(Saved entries)
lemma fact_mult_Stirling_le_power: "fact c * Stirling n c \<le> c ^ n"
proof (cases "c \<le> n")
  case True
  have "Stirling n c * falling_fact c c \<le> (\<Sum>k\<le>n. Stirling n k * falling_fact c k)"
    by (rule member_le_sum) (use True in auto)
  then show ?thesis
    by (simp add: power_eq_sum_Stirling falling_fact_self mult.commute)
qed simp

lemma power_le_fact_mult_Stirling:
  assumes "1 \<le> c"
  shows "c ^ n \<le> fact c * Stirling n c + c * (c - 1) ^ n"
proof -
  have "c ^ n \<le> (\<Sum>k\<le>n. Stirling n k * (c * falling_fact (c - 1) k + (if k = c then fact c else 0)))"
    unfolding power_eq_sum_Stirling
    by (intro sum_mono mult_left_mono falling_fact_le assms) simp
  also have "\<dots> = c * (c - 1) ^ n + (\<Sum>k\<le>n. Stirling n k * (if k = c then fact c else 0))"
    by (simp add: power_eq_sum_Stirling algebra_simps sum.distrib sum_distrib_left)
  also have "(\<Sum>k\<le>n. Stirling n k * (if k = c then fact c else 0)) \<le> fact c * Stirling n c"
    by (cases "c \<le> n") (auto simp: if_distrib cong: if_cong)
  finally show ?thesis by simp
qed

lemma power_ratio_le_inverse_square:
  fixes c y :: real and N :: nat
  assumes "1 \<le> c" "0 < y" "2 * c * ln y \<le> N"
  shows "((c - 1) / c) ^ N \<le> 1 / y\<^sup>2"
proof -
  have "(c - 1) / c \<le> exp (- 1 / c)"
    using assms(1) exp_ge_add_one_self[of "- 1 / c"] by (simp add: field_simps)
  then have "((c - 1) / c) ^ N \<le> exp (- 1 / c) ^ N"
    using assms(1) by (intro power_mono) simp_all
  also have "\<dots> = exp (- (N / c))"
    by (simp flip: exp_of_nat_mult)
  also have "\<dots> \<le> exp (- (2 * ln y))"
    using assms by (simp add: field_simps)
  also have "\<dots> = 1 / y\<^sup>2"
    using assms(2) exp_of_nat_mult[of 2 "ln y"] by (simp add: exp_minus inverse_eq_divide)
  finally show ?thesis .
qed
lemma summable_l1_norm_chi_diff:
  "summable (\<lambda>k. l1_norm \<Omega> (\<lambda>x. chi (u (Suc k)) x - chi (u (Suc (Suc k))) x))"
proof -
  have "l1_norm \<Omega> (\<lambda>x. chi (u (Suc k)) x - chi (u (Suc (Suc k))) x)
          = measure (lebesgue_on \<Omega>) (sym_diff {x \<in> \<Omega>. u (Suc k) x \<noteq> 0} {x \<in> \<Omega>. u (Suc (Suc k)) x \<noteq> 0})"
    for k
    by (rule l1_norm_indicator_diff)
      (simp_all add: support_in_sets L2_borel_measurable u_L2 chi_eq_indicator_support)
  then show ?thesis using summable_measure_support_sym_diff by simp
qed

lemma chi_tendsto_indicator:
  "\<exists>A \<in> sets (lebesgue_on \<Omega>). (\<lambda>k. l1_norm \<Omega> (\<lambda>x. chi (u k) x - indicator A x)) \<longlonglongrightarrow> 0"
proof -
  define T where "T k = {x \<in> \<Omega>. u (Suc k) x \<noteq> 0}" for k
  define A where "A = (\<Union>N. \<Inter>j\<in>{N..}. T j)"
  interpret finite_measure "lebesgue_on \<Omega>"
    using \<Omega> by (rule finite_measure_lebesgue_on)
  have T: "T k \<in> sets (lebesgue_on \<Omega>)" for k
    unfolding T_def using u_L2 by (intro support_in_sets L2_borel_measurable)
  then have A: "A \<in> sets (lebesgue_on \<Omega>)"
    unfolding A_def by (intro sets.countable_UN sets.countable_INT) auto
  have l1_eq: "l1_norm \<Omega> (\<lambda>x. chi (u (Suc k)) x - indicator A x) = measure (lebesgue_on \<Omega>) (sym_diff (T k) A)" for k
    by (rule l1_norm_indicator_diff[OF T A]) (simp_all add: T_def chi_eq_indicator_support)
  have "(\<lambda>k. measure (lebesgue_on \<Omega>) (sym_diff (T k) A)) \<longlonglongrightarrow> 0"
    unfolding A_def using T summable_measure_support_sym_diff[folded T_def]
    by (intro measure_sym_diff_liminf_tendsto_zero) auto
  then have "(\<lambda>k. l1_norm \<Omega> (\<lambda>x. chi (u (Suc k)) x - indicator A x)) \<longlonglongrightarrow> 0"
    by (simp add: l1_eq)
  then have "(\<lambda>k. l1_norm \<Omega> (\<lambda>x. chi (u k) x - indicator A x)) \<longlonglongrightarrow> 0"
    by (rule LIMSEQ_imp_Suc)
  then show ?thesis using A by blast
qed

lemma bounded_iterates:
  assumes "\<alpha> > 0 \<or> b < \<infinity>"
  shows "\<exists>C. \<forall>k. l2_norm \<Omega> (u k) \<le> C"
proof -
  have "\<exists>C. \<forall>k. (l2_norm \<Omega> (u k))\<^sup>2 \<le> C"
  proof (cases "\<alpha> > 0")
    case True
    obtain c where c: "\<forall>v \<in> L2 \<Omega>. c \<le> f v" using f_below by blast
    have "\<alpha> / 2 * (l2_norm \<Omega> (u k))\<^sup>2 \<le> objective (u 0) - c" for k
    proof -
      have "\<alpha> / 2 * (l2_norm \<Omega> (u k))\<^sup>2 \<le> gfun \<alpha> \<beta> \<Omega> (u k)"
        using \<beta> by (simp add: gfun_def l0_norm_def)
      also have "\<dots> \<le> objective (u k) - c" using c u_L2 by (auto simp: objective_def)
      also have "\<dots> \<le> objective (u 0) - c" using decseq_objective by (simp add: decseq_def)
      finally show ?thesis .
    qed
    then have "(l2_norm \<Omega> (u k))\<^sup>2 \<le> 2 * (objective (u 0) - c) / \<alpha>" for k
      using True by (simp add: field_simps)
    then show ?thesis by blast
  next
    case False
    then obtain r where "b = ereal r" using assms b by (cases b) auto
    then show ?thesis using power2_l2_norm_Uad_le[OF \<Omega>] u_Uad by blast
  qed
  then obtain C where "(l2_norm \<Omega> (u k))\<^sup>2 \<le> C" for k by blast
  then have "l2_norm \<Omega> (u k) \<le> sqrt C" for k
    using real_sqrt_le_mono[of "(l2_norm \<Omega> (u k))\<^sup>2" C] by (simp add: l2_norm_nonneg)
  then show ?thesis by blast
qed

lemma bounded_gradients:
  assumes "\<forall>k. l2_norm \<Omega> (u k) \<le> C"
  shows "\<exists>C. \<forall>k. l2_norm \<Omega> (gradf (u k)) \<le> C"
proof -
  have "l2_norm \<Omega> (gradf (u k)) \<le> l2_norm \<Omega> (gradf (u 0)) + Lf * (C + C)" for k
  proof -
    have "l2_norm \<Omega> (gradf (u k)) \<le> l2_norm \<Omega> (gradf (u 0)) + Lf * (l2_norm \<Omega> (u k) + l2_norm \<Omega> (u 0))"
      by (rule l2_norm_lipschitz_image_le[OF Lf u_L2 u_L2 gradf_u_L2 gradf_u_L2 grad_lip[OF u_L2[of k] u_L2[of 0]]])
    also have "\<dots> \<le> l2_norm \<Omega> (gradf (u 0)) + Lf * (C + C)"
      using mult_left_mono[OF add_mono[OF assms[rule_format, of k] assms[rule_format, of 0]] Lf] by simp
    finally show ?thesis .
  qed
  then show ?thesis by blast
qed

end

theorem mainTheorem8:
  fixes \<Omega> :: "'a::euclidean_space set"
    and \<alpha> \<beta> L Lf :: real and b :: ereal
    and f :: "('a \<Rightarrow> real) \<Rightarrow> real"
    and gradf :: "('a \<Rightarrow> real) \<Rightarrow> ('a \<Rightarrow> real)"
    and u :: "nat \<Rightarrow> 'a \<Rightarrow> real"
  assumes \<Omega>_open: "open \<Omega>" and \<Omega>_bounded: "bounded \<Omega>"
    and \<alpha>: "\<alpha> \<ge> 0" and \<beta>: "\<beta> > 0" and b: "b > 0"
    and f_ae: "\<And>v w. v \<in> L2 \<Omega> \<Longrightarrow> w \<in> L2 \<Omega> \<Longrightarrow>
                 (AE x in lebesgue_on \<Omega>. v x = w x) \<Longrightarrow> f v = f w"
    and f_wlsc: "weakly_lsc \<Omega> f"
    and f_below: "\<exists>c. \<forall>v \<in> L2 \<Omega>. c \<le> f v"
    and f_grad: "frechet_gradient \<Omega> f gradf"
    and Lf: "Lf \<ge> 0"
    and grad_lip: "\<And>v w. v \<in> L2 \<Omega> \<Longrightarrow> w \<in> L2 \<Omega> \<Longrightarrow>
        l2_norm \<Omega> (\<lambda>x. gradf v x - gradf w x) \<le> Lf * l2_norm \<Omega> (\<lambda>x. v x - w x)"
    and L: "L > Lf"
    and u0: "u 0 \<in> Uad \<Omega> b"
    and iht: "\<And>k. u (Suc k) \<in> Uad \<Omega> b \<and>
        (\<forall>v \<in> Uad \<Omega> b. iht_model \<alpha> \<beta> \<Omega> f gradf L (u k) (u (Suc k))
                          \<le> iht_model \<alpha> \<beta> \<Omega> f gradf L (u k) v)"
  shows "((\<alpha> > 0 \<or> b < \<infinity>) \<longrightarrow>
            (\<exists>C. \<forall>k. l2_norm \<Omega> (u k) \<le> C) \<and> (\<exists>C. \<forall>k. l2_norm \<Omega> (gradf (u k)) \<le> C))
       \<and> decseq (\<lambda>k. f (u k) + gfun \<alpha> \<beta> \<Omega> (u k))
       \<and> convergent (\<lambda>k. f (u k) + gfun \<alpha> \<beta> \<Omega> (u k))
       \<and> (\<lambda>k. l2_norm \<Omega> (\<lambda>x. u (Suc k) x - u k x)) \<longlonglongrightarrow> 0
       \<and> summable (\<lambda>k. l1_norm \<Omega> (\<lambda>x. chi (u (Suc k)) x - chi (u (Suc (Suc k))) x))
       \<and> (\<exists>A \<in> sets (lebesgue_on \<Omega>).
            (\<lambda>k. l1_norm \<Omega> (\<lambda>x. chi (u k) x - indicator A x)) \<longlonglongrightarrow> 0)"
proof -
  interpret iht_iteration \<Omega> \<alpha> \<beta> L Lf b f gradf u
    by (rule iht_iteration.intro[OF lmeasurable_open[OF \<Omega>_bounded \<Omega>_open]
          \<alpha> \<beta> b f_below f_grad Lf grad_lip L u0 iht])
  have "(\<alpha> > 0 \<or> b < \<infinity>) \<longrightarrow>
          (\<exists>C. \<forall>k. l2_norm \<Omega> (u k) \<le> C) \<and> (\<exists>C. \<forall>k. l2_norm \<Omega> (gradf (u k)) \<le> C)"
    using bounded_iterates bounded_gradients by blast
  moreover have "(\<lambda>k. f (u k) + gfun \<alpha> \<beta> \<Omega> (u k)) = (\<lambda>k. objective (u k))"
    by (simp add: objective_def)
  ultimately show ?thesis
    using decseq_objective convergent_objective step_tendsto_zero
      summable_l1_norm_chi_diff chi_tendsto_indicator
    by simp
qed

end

• _TASK STATEMENT_: What this exercise asks for is every line of the data above with the word "where".

• _EXERCISE RESPONSE_:
  define T where "T k = {x \<in> \<Omega>. u (Suc k) x \<noteq> 0}" for k
  define A where "A = (\<Union>N. \<Inter>j\<in>{N..}. T j)"
    obtain c where c: "\<forall>v \<in> L2 \<Omega>. c \<le> f v" using f_below by blast
    then obtain r where "b = ereal r" using assms b by (cases b) auto
  then obtain C where "(l2_norm \<Omega> (u k))\<^sup>2 \<le> C" for k by blast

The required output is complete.